The CPU microcode, typically included in UEFI, was also outdated and vulnerable to known side-channel data leak vulnerabilities impacting Intel CPUs such as Spectre v2 (Branch Target Injection) and Fallout and RIDL (Microarchitectural Data Sampling).

“Illumina appreciates Eclypsium Research’s report and our shared commitment to the Coordinated Vulnerability Disclosure principles,” an Illumina spokesperson told CSO via email. “We are following our standard processes and will notify impacted customers if any mitigations are required. Our initial evaluation indicates these issues are not high-risk.”

The spokesperson continued: “Illumina is committed to the security of our products and to privacy of genomic data and we have established oversight and accountability processes, including security best practices for the development and deployment of our products. As part of this commitment, we are always working to improve how we deliver security updates for instruments in the field.”

Firmware protections needed to prevent UEFI implants

Since firmware flashing is not blocked and the firmware is missing write protections for critical regions, attackers with local administrator access on the OS could easily inject malicious code into the firmware or rewrite it entirely, rendering the device inoperable.

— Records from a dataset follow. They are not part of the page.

text \<open>Proximal operator: prox_{gamma phi}(y) = argmin_x { phi x + 1/(2 gamma) ||x - y||^2 }
  (the unique minimizer, when it exists).\<close>
definition prox :: "real \<Rightarrow> ('a::real_normed_vector \<Rightarrow> real) \<Rightarrow> 'a \<Rightarrow> 'a" where
  "prox \<gamma> \<phi> y = (THE x. \<forall>z. \<phi> x + (1 / (2*\<gamma>)) * (norm (x - y))^2
                              \<le> \<phi> z + (1 / (2*\<gamma>)) * (norm (z - y))^2)"

definition strongly_convex_grad :: "real \<Rightarrow> ('a::real_inner \<Rightarrow> real) \<Rightarrow> ('a \<Rightarrow> 'a) \<Rightarrow> bool" where
  "strongly_convex_grad \<mu> g grad_g \<longleftrightarrow>
     (\<forall>x y. g y + inner (grad_g y) (x - y) + (\<mu>/2) * (norm (x - y))^2 \<le> g x)"

definition sppm_ns_iter :: "real \<Rightarrow> nat \<Rightarrow> (nat \<Rightarrow> real) \<Rightarrow> (nat \<Rightarrow> 'a::real_normed_vector \<Rightarrow> real)
    \<Rightarrow> 'a \<Rightarrow> nat list \<Rightarrow> 'a" where
  "sppm_ns_iter \<gamma> n p f x0 is = foldl (\<lambda>x i. prox (\<gamma> / (real n * p i)) (f i) x) x0 is"

text \<open>E ||x_k - x_star||^2 where i_0,...,i_{k-1} are i.i.d. with P(i_j = i) = p i, i < n:
  the expectation written as the finite sum over all index sequences of length k.\<close>
definition sppm_ns_expected_sqdist :: "real \<Rightarrow> nat \<Rightarrow> (nat \<Rightarrow> real) \<Rightarrow> (nat \<Rightarrow> 'a::real_normed_vector \<Rightarrow> real)
    \<Rightarrow> 'a \<Rightarrow> 'a \<Rightarrow> nat \<Rightarrow> real" where
  "sppm_ns_expected_sqdist \<gamma> n p f x0 xs k =
     (\<Sum>is \<in> {is. length is = k \<and> set is \<subseteq> {..<n}}.
        prod_list (map p is) * (norm (sppm_ns_iter \<gamma> n p f x0 is - xs))^2)"

end

theory Submission imports Defs begin

(* The prox point x' = prox t \<phi> y of a differentiable \<mu>-strongly convex \<phi> solves the
   implicit gradient step x' = y - t \<nabla>\<phi>(x'), so strong monotonicity of \<nabla>\<phi> gives
   (1 + t \<mu>) |x' - x\<^sub>\<star>| \<le> |y - x\<^sub>\<star> - t \<nabla>\<phi>(x\<^sub>\<star>)|. For the steps t = \<gamma>/(n p\<^sub>i), the p-weighted
   average of the squared right-hand sides has no cross term because \<Sum>\<^sub>i \<nabla>f\<^sub>i(x\<^sub>\<star>) = 0, whence
   E|x\<^sub>k\<^sub>+\<^sub>1 - x\<^sub>\<star>|\<^sup>2 \<le> c (E|x\<^sub>k - x\<^sub>\<star>|\<^sup>2 + \<gamma>\<^sup>2 \<sigma>\<^sup>2) with c = (1 + \<gamma> \<mu>\<^sub>N\<^sub>S)\<^sup>-\<^sup>2. Unrolling this affine
   recursion gives the bound; its constant term is the fixed point of the recursion. *)

lemma strongly_convex_grad_monotone:
  assumes "strongly_convex_grad m g G"
  shows "m * (norm (a - b))^2 \<le> inner (G a - G b) (a - b)"
proof -
  have "g b + inner (G b) (a - b) + (m/2) * (norm (a - b))^2 \<le> g a"
    and "g a + inner (G a) (b - a) + (m/2) * (norm (b - a))^2 \<le> g b"
    using assms unfolding strongly_convex_grad_def by blast+
  moreover have "norm (b - a) = norm (a - b)" by (rule norm_minus_commute)
  moreover have "inner (G a) (b - a) = - inner (G a) (a - b)"
    by (metis inner_minus_right minus_diff_eq)
  ultimately show ?thesis by (simp add: inner_diff_left algebra_simps)
qed

lemma gradient_eq_0_at_global_min:
  fixes \<phi> :: "'a::real_inner \<Rightarrow> real"
  assumes "(\<phi> has_derivative (\<lambda>h. inner g h)) (at x)" and "\<And>z. \<phi> x \<le> \<phi> z"
  shows "g = 0"
proof -
  have "(\<lambda>h. inner g h) = (\<lambda>h. 0)"
    using has_derivative_local_min[OF assms(1)] assms(2) by (simp add: always_eventually)
  then have "inner g g = 0" by metis
  then show ?thesis by simp
qed

definition minimizes_prox_objective ::
    "real \<Rightarrow> ('a::real_normed_vector \<Rightarrow> real) \<Rightarrow> 'a \<Rightarrow> 'a \<Rightarrow> bool" where
  "minimizes_prox_objective t \<phi> y x \<longleftrightarrow>
     (\<forall>z. \<phi> x + (1 / (2*t)) * (norm (x - y))^2 \<le> \<phi> z + (1 / (2*t)) * (norm (z - y))^2)"

lemma minimizes_prox_objective_gradient:
  fixes \<phi> :: "'a::real_inner \<Rightarrow> real"
  assumes "(\<phi> has_derivative (\<lambda>h. inner (G x) h)) (at x)"
    and "minimizes_prox_objective t \<phi> y x"
  shows "G x = (1/t) *\<^sub>R (y - x)"
proof -
  let ?obj = "\<lambda>z. \<phi> z + (1 / (2*t)) * inner (z - y) (z - y)"
  have "(?obj has_derivative
          (\<lambda>h. inner (G x) h + (1 / (2*t)) * (inner h (x - y) + inner (x - y) h))) (at x)"
    by (intro derivative_eq_intros) (use assms(1) in auto)
  moreover have "(\<lambda>h. inner (G x) h + (1 / (2*t)) * (inner h (x - y) + inner (x - y) h))
               = (\<lambda>h. inner (G x + (1/t) *\<^sub>R (x - y)) h)"
    by (simp add: inner_add_right inner_commute)
  ultimately have "(?obj has_derivative (\<lambda>h. inner (G x + (1/t) *\<^sub>R (x - y)) h)) (at x)"
    by simp
  moreover have "?obj x \<le> ?obj z" for z
    using assms(2) by (simp add: minimizes_prox_objective_def power2_norm_eq_inner)
  ultimately have "G x + (1/t) *\<^sub>R (x - y) = 0"
    by (rule gradient_eq_0_at_global_min)
  then show ?thesis by (simp add: algebra_simps eq_neg_iff_add_eq_0 scaleR_diff_right)
qed

lemma minimizes_prox_objective_exists:
  fixes \<phi> :: "'a::euclidean_space \<Rightarrow> real"
  assumes deriv: "\<And>x. (\<phi> has_derivative (\<lambda>h. inner (G x) h)) (at x)"
    and sc: "strongly_convex_grad m \<phi> G" and m: "0 \<le> m" and t: "0 < t"
  shows "\<exists>x. minimizes_prox_objective t \<phi> y x"
proof -
  define obj where "obj = (\<lambda>z. \<phi> z + (1 / (2*t)) * (norm (z - y))^2)"
  define R where "R = 2 * t * norm (G y) + 1"
  have "continuous_on (cball y R) obj"
    unfolding obj_def
    by (intro continuous_at_imp_continuous_on ballI continuous_intros
        has_derivative_continuous[OF deriv])
  moreover have y_in: "y \<in> cball y R" using t by (simp add: R_def)
  ultimately obtain x where x: "x \<in> cball y R" "\<forall>z\<in>cball y R. obj x \<le> obj z"
    using continuous_attains_inf[OF compact_cball] by blast
  \<comment> \<open>outside the ball, the quadratic term beats the linear lower bound of \<open>\<phi>\<close> at \<open>y\<close>\<close>
  have far: "obj y < obj z" if "z \<notin> cball y R" for z
  proof -
    define r where "r = norm (z - y)"
    have rR: "R < r" using that by (simp add: r_def dist_norm norm_minus_commute)
    have "\<phi> y + inner (G y) (z - y) + (m/2) * r^2 \<le> \<phi> z"
      using sc unfolding strongly_convex_grad_def r_def by blast
    moreover have "- (norm (G y) * r) \<le> inner (G y) (z - y)"
      using norm_cauchy_schwarz[of "G y" "y - z"] unfolding r_def
      by (simp add: inner_diff_right norm_minus_commute)
    moreover have "norm (G y) * r < r^2 / (2*t)"
    proof -
      have "0 \<le> 2 * t * norm (G y)" using t by simp
      then have "2 * t * norm (G y) * r < r * r"
        using rR by (intro mult_strict_right_mono) (auto simp: R_def)
      then show ?thesis using t by (simp add: field_simps power2_eq_square)
    qed
    moreover have "0 \<le> (m/2) * r^2" using m by simp
    moreover have "obj z = \<phi> z + r^2 / (2*t)" "obj y = \<phi> y"
      by (simp_all add: obj_def r_def)
    ultimately show ?thesis by linarith
  qed
  have "obj x \<le> obj z" for z
    using x far[of z] y_in by (cases "z \<in> cball y R") fastforce+
  then show ?thesis unfolding minimizes_prox_objective_def obj_def by blast
qed

lemma implicit_gradient_step_dist_le:
  fixes G :: "'a::real_inner \<Rightarrow> 'a"
  assumes sc: "strongly_convex_grad m \<phi> G" and t: "0 < t"
    and step: "G x = (1/t) *\<^sub>R (y - x)"
  shows "(1 + t * m) * norm (x - z) \<le> norm (y - z - t *\<^sub>R G z)"
proof -
  define d where "d = x - z"
  define w where "w = y - z - t *\<^sub>R G z"
  have "G x - G z = (1/t) *\<^sub>R (w - d)"
    using step t by (simp add: w_def d_def algebra_simps)
  then have "m * (norm d)^2 \<le> (1/t) * inner (w - d) d"
    using strongly_convex_grad_monotone[OF sc, of x z] by (simp add: d_def)
  then have "t * m * (norm d)^2 \<le> inner (w - d) d"
    using t by (simp add: field_simps)
  then have "(1 + t * m) * (norm d)^2 \<le> inner w d"
    by (simp add: inner_diff_left power2_norm_eq_inner algebra_simps)
  also have "\<dots> \<le> norm w * norm d" by (rule norm_cauchy_schwarz)
  finally have "(1 + t * m) * norm d * norm d \<le> norm w * norm d"
    by (simp add: power2_eq_square mult.assoc)
  then have "(1 + t * m) * norm d \<le> norm w"
    by (cases "d = 0") (simp_all add: mult_le_cancel_right)
  then show ?thesis by (simp add: d_def w_def)
qed

lemma prox_gradient_eq:
  fixes \<phi> :: "'a::euclidean_space \<Rightarrow> real"
  assumes deriv: "\<And>x. (\<phi> has_derivative (\<lambda>h. inner (G x) h)) (at x)"
    and sc: "strongly_convex_grad m \<phi> G" and m: "0 \<le> m" and t: "0 < t"
  shows "G (prox t \<phi> y) = (1/t) *\<^sub>R (y - prox t \<phi> y)"
proof -
  obtain x where x: "minimizes_prox_objective t \<phi> y x"
    using minimizes_prox_objective_exists[OF deriv sc m t] by blast
  have grad_x: "G x = (1/t) *\<^sub>R (y - x)"
    using deriv x by (rule minimizes_prox_objective_gradient)
  have unique: "x' = x" if x': "minimizes_prox_objective t \<phi> y x'" for x'
  proof -
    have "G x' = (1/t) *\<^sub>R (y - x')"
      using deriv x' by (rule minimizes_prox_objective_gradient)
    from implicit_gradient_step_dist_le[OF sc t this, of x]
    have "(1 + t * m) * norm (x' - x) \<le> 0"
      using grad_x t by simp
    moreover have "0 < 1 + t * m" using t m by (simp add: add_pos_nonneg)
    ultimately show ?thesis by (simp add: mult_le_0_iff)
  qed
  have "minimizes_prox_objective t \<phi> y (prox t \<phi> y)"
    unfolding prox_def minimizes_prox_objective_def[symmetric]
    by (rule theI[where P = "minimizes_prox_objective t \<phi> y", OF x unique])
  then show ?thesis by (rule minimizes_prox_objective_gradient[OF deriv])
qed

“This is not a far-fetched scenario given that the Illumina sequencers were recently found to have a critical RCE (Remote Code Execution) vulnerability (CVE-2023-1968),” the Eclypsium researchers wrote in their report. “The issue affected a variety of Illumina devices, resulting in an FDA Class II recall as well as an ICS Medical Advisory from CISA.”

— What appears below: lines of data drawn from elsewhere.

(* Let $S$ and $A$ be finite-dimensional quantum systems with $d_A=\dim A$, let $\rho^A$ be a density matrix on $A$, $U^{SA}$ a unitary on $S\otimes A$, and define the CPTP map $\Phi(X):=\operatorname{Tr}_A[U^{SA}(X\otimes\rho^A)(U^{SA})^\dagger]$ on operators of $S$. Let $\Phi^\dagger$ be the trace-dual of $\Phi$. Then for every density matrix $\sigma$ on $S$, $\operatorname{Tr}[\Phi^\dagger(\sigma)]\le d_A$.
   Context: The trace-dual $\Phi^\dagger$ is the linear map satisfying $\operatorname{Tr}[\Phi(X)Y]=\operatorname{Tr}[X\Phi^\dagger(Y)]$ for all operators $X,Y$. *)

theory Defs
  imports "Jordan_Normal_Form.Matrix"
begin

definition adj :: "complex mat \<Rightarrow> complex mat" where
  "adj M = mat (dim_col M) (dim_row M) (\<lambda>(i,j). cnj (M $$ (j,i)))"

definition tr :: "complex mat \<Rightarrow> complex" where
  "tr M = (\<Sum>i<dim_row M. M $$ (i,i))"

(* Positive semidefinite n x n matrix (order on complex: 0 \<le> z iff z real and nonnegative) *)
definition psd :: "nat \<Rightarrow> complex mat \<Rightarrow> bool" where
  "psd n M \<longleftrightarrow> M \<in> carrier_mat n n \<and> adj M = M \<and>
     (\<forall>v \<in> carrier_vec n. 0 \<le> conjugate v \<bullet> (M *\<^sub>v v))"

definition density :: "nat \<Rightarrow> complex mat \<Rightarrow> bool" where
  "density n M \<longleftrightarrow> psd n M \<and> tr M = 1"

definition unitary :: "nat \<Rightarrow> complex mat \<Rightarrow> bool" where
  "unitary n U \<longleftrightarrow> U \<in> carrier_mat n n \<and> adj U * U = 1\<^sub>m n \<and> U * adj U = 1\<^sub>m n"

(* Tensor (Kronecker) product X \<otimes> R for X on S (dim dS) and R on A (dim dA);
   basis |s> \<otimes> |a> of S \<otimes> A has index s * dA + a *)
definition kron :: "nat \<Rightarrow> nat \<Rightarrow> complex mat \<Rightarrow> complex mat \<Rightarrow> complex mat" where
  "kron dS dA X R = mat (dS * dA) (dS * dA)
     (\<lambda>(i,j). X $$ (i div dA, j div dA) * R $$ (i mod dA, j mod dA))"

definition ptrace_A :: "nat \<Rightarrow> nat \<Rightarrow> complex mat \<Rightarrow> complex mat" where
  "ptrace_A dS dA M = mat dS dS (\<lambda>(s,t). \<Sum>a<dA. M $$ (s * dA + a, t * dA + a))"

definition Phi :: "nat \<Rightarrow> nat \<Rightarrow> complex mat \<Rightarrow> complex mat \<Rightarrow> complex mat \<Rightarrow> complex mat" where
  "Phi dS dA U \<rho> X = ptrace_A dS dA (U * kron dS dA X \<rho> * adj U)"

end

theory Submission
  imports Defs
begin

text \<open>
  By duality, \<open>Tr[\<Phi>\<^sup>\<dagger>(\<sigma>)] = Tr[\<Phi>(1) \<sigma>] = Tr[(1 \<otimes> \<rho>) W]\<close> with
  \<open>W = U\<^sup>\<dagger> (\<sigma> \<otimes> 1) U\<close> positive semidefinite of trace \<open>d\<^sub>A\<close>.
  The right-hand side splits into \<open>\<Sum>\<^sub>s Tr[\<rho> W\<^sub>s\<^sub>s]\<close> over the diagonal blocks of \<open>W\<close>, which
  are again positive semidefinite, and \<open>Tr[\<rho> B] \<le> Tr \<rho> \<cdot> Tr B = Tr B\<close> for positive
  semidefinite \<open>B\<close>, entrywise from \<open>|B\<^sub>i\<^sub>j|\<^sup>2 \<le> B\<^sub>i\<^sub>i B\<^sub>j\<^sub>j\<close> and AM-GM.
  Summing over \<open>s\<close> gives \<open>Tr W = d\<^sub>A\<close>.
\<close>

lemma sum_lessThan_mult:
  fixes f :: "nat \<Rightarrow> 'a::comm_monoid_add"
  shows "(\<Sum>i<m * d. f i) = (\<Sum>s<m. \<Sum>a<d. f (s * d + a))"
proof (induction m)
  case 0
  then show ?case by simp
next
  case (Suc m)
  have "(\<Sum>i<Suc m * d. f i) = (\<Sum>i<m * d. f i) + (\<Sum>i\<in>{m * d..<m * d + d}. f i)"
    by (simp add: add.commute lessThan_atLeast0 sum.atLeastLessThan_concat)
  also have "(\<Sum>i\<in>{m * d..<m * d + d}. f i) = (\<Sum>a<d. f (m * d + a))"
    by (simp add: lessThan_atLeast0 sum.shift_bounds_nat_ivl[of f 0 "m * d" d, simplified] add.commute)
  finally show ?case
    using Suc by simp
qed

lemma mult_add_less_mult:
  fixes s a :: nat
  assumes "s < m" "a < d"
  shows "s * d + a < m * d"
proof -
  have "s * d + a < Suc s * d"
    using assms by simp
  also have "\<dots> \<le> m * d"
    using assms by (intro mult_le_mono1) simp
  finally show ?thesis .
qed

lemma adj_dim [simp]: "dim_row (adj A) = dim_col A" "dim_col (adj A) = dim_row A"
  unfolding adj_def by simp_all

lemma adj_carrier [simp]: "A \<in> carrier_mat n m \<Longrightarrow> adj A \<in> carrier_mat m n"
  unfolding adj_def by simp

lemma adj_index [simp]:
  "A \<in> carrier_mat n m \<Longrightarrow> i < m \<Longrightarrow> j < n \<Longrightarrow> adj A $$ (i, j) = cnj (A $$ (j, i))"
  unfolding adj_def by simp

lemma adj_adj: "A \<in> carrier_mat n m \<Longrightarrow> adj (adj A) = A"
  by (intro eq_matI) (auto simp: adj_def)

lemma adj_mult:
  assumes "A \<in> carrier_mat n m" "B \<in> carrier_mat m k"
  shows "adj (A * B) = adj B * adj A"
  using assms
  by (intro eq_matI) (auto simp: adj_def scalar_prod_def row_def col_def mult.commute)

lemma conjugate_scalar_prod_adj_mult_vec:
  fixes A :: "complex mat"
  assumes "A \<in> carrier_mat n m" "v \<in> carrier_vec m" "z \<in> carrier_vec n"
  shows "conjugate v \<bullet> (adj A *\<^sub>v z) = conjugate (A *\<^sub>v v) \<bullet> z"
proof -
  have "conjugate v \<bullet> (adj A *\<^sub>v z) = (\<Sum>k<m. cnj (v $ k) * (\<Sum>l<n. cnj (A $$ (l, k)) * z $ l))"
    using assms by (simp add: scalar_prod_def mult_mat_vec_def row_def lessThan_atLeast0)
  also have "\<dots> = (\<Sum>l<n. (\<Sum>k<m. cnj (A $$ (l, k)) * cnj (v $ k)) * z $ l)"
    by (simp add: sum_distrib_left sum_distrib_right mult_ac) (rule sum.swap)
  also have "\<dots> = conjugate (A *\<^sub>v v) \<bullet> z"
    using assms by (simp add: scalar_prod_def mult_mat_vec_def row_def lessThan_atLeast0)
  finally show ?thesis .
qed

lemma quadratic_form_eq_sum:
  fixes M :: "complex mat"
  assumes "M \<in> carrier_mat n n" "v \<in> carrier_vec n"
  shows "conjugate v \<bullet> (M *\<^sub>v v) = (\<Sum>k<n. \<Sum>l<n. cnj (v $ k) * M $$ (k, l) * v $ l)"
  using assms
  by (simp add: scalar_prod_def mult_mat_vec_def row_def sum_distrib_left mult.assoc lessThan_atLeast0)

lemma tr_mult:
  assumes "A \<in> carrier_mat n m" "B \<in> carrier_mat m n"
  shows "tr (A * B) = (\<Sum>i<n. \<Sum>j<m. A $$ (i, j) * B $$ (j, i))"
  using assms unfolding tr_def
  by (simp add: scalar_prod_def row_def col_def lessThan_atLeast0)

lemma tr_mult_commute:
  assumes "A \<in> carrier_mat n m" "B \<in> carrier_mat m n"
  shows "tr (A * B) = tr (B * A)"
  unfolding tr_mult[OF assms] tr_mult[OF assms(2,1)]
  by (subst sum.swap) (simp add: mult.commute)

That 2023 RCE vulnerability has since been patched, but attackers could find another vulnerability or steal credentials for the device and exploit a privilege escalation flaw in Windows, which are common. The Illumina sequencer runs Windows 10 2016 LTSB, Version 1607, for which mainstream support ended in October 2021, but the extended support option will continue until October 2026.

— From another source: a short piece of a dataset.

(* Let $N\ge 2$ and let $F$ be a marginal distribution on $[0,1]$ as described in the context. Suppose the general robust-version regularity conditions (I) hold: $$f(x)\ \ge\ \frac{x^{-1-\frac{N}{N-1}}}{N-1}\int_0^x s^{\frac{N}{N-1}}f(s)\,ds\quad\text{for all }x\in(0,1),\qquad \Pr(1)\ \ge\ \frac{1}{N-1}\int_{(0,1)}s^{\frac{N}{N-1}}f(s)\,ds.$$ Then the Second Price Auction with $\mathrm{Beta}(\frac{1}{N-1},1)$ Distributed Reserves $(q^*,t^* )$ and the General Adversarial Correlation Structure $\pi^*$ form a Nash equilibrium (saddle point) of the zero-sum game in which the auctioneer chooses an exclusive DSIC and EPIR mechanism and Nature chooses $\pi\in\Pi(F)$: $\pi^*\in\Pi(F)$ and $U((q^*,t^* ),\pi)\ge U((q^*,t^* ),\pi^* )\ge U((q,t),\pi^* )$ for every $\pi\in\Pi(F)$ and every exclusive DSIC and EPIR mechanism $(q,t)$. The revenue guarantee $\inf_{\pi\in\Pi(F)}U((q^*,t^* ),\pi)$ equals $E[X^{\frac{N}{N-1}}]$ with $X\sim F$. In addition, the general robust-version regularity conditions (II) — namely $x^2f(x)$ is non-decreasing on $(0,1)$ and $\Pr(1)\ge\frac{1}{N-1}\int_{(0,1)}s^{\frac{N}{N-1}}f(s)\,ds$ — imply the general robust-version regularity conditions (I).
   Context: A single indivisible good is sold to $N$ risk-neutral bidders $I=\{1,\dots,N\}$ with private values $v_i\in[0,1]$. All bidders' values have the same marginal cdf $F$ on $[0,1]$ with support $[0,1]$; $F$ may have point masses at $0$ and at $1$ and is absolutely continuous on $(0,1)$ with density $f$; $\Pr(1)$ is the mass of $F$ at $1$ (if $F$ has a mass at $0$, $f(0)$ denotes $\Pr(0)$). $\Pi(F)$ is the set of Borel probability measures on $[0,1]^N$ all of whose one-dimensional marginals equal $F$. A mechanism $(q,t)$ consists of $q:[0,1]^N\to[0,1]^N$ with $\sum_iq_i(v)\le1$ and $t:[0,1]^N\to\mathbb{R}^N$; it is DSIC if $v_iq_i(v)-t_i(v)\ge v_iq_i(v_i',v_{-i})-t_i(v_i',v_{-i})$ for all $i,v,v_i'$, EPIR if $v_iq_i(v)-t_i(v)\ge0$ for all $i,v$, and exclusive if $q_i(v)=0$ whenever $v_i<\max_jv_j$. $U((q,t),\pi)=\int\sum_it_i(v)\,d\pi(v)$. For a profile $v$, $v_{(1)}$ and $v_{(2)}$ denote the highest and second highest entries. Second Price Auction with $\mathrm{Beta}(\frac1{N-1},1)$ Distributed Reserves $(q^*,t^* )$: if exactly one bidder $i$ has $v_i=v_{(1)}$, then $q_i^*(v)=v_{(1)}^{\frac1{N-1}}$, $t_i^*(v)=\frac1Nv_{(1)}^{\frac N{N-1}}+\frac{N-1}Nv_{(2)}^{\frac N{N-1}}$, and $q_j^*=t_j^*=0$ for $j\ne i$; if $K\ge2$ bidders have value $v_{(1)}$, each of them gets $q_i^*(v)=\frac{v_{(1)}^{1/(N-1)}}{K}$ and pays $t_i^*(v)=\frac1Kv_{(1)}^{\frac N{N-1}}$, and all others get and pay $0$. General Adversarial Correlation Structure $\pi^*$: a symmetric distribution supported on $V^+$, the set of profiles in which either all coordinates are equal, or there is a unique highest coordinate and all other coordinates are equal. It places weight $f(0)$ at $(0,\dots,0)$; for each $i$, on the profiles with $v_i=v_{(1)}\in(0,1)$ and $v_j=v_{(2)}\in(0,v_{(1)}]$ for all $j\neq i$, it has density (w.r.t. Lebesgue measure in the two parameters $(v_{(1)},v_{(2)})$) $\frac{1}{(N-1)v_{(1)}^2}\Big(v_{(2)}f(v_{(2)})-\frac{v_{(2)}^{-\frac N{N-1}}}{N-1}\int_0^{v_{(2)}}s^{\frac N{N-1}}f(s)\,ds\Big)$; for each $i$, on the profiles with $v_i=1$ and $v_j=v_{(2)}\in(0,1)$ for all $j\ne i$, it has density (w.r.t. $dv_{(2)}$) $\frac1{N-1}\Big(v_{(2)}f(v_{(2)})-\frac{v_{(2)}^{-\frac N{N-1}}}{N-1}\int_0^{v_{(2)}}s^{\frac N{N-1}}f(s)\,ds\Big)$; and it has a point mass $\Pr(1)-\frac1{N-1}\int_{(0,1)}s^{\frac N{N-1}}f(s)\,ds$ at $(1,\dots,1)$. It places no weight elsewhere. *)

theory Defs
  imports "HOL-Probability.Probability"
begin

The fact that Secure Boot is not enabled means the code responsible for booting the operating system, both at the UEFI level and the Windows bootloader itself, are not cryptographically verified. As such, malicious code could be injected into the boot process to take control of the OS kernel, a malware attack known as a bootkit (boot rootkit).

UEFI bootkits have been used in the wild for over a decade. Examples include LoJax (2018), MosaicRegressor (2020), FinSpy (2021), ESPecter (2021), MoonBounce (2022), CosmicStrand (2022), and BlackLotus (2023).

Sign of a broader issue

While Eclypsium’s research looked only at the Illumina iSeq 100, the researchers believe many medical devices likely suffer from similar firmware security issues inherited from the hardware supply chain. Medical device vendors don’t always manufacture their device hardware themselves, instead focusing on their core area of expertise and outsourcing the rest of the device development process to ODMs and IBVs, for example.

“It is more than likely that the same process is utilized by many other manufacturers,” Alex Bazhaniuk, CTO of Eclypsium, told CSO. “Once a medical device manufacturer enters the R&D phase, they go ‘shopping’ at ODMs and IBVs for hardware and firmware solutions to accelerate their time to market. This process is treated like any other product transaction where the manufacturer gets offered a quote for the [hardware/firmware] and support for X years — sometimes this includes security updates at no cost and sometimes it does not.”

“From what we have seen, ODMs and even IBVs will provide updates up to a certain point, but once the device passes a certain age, it is much harder to issue fixes or even generate code for the fixes to begin with,” he said. “Keep in mind that industrial computer boards are designed to operate for much longer than regular computing boards we are familiar with.”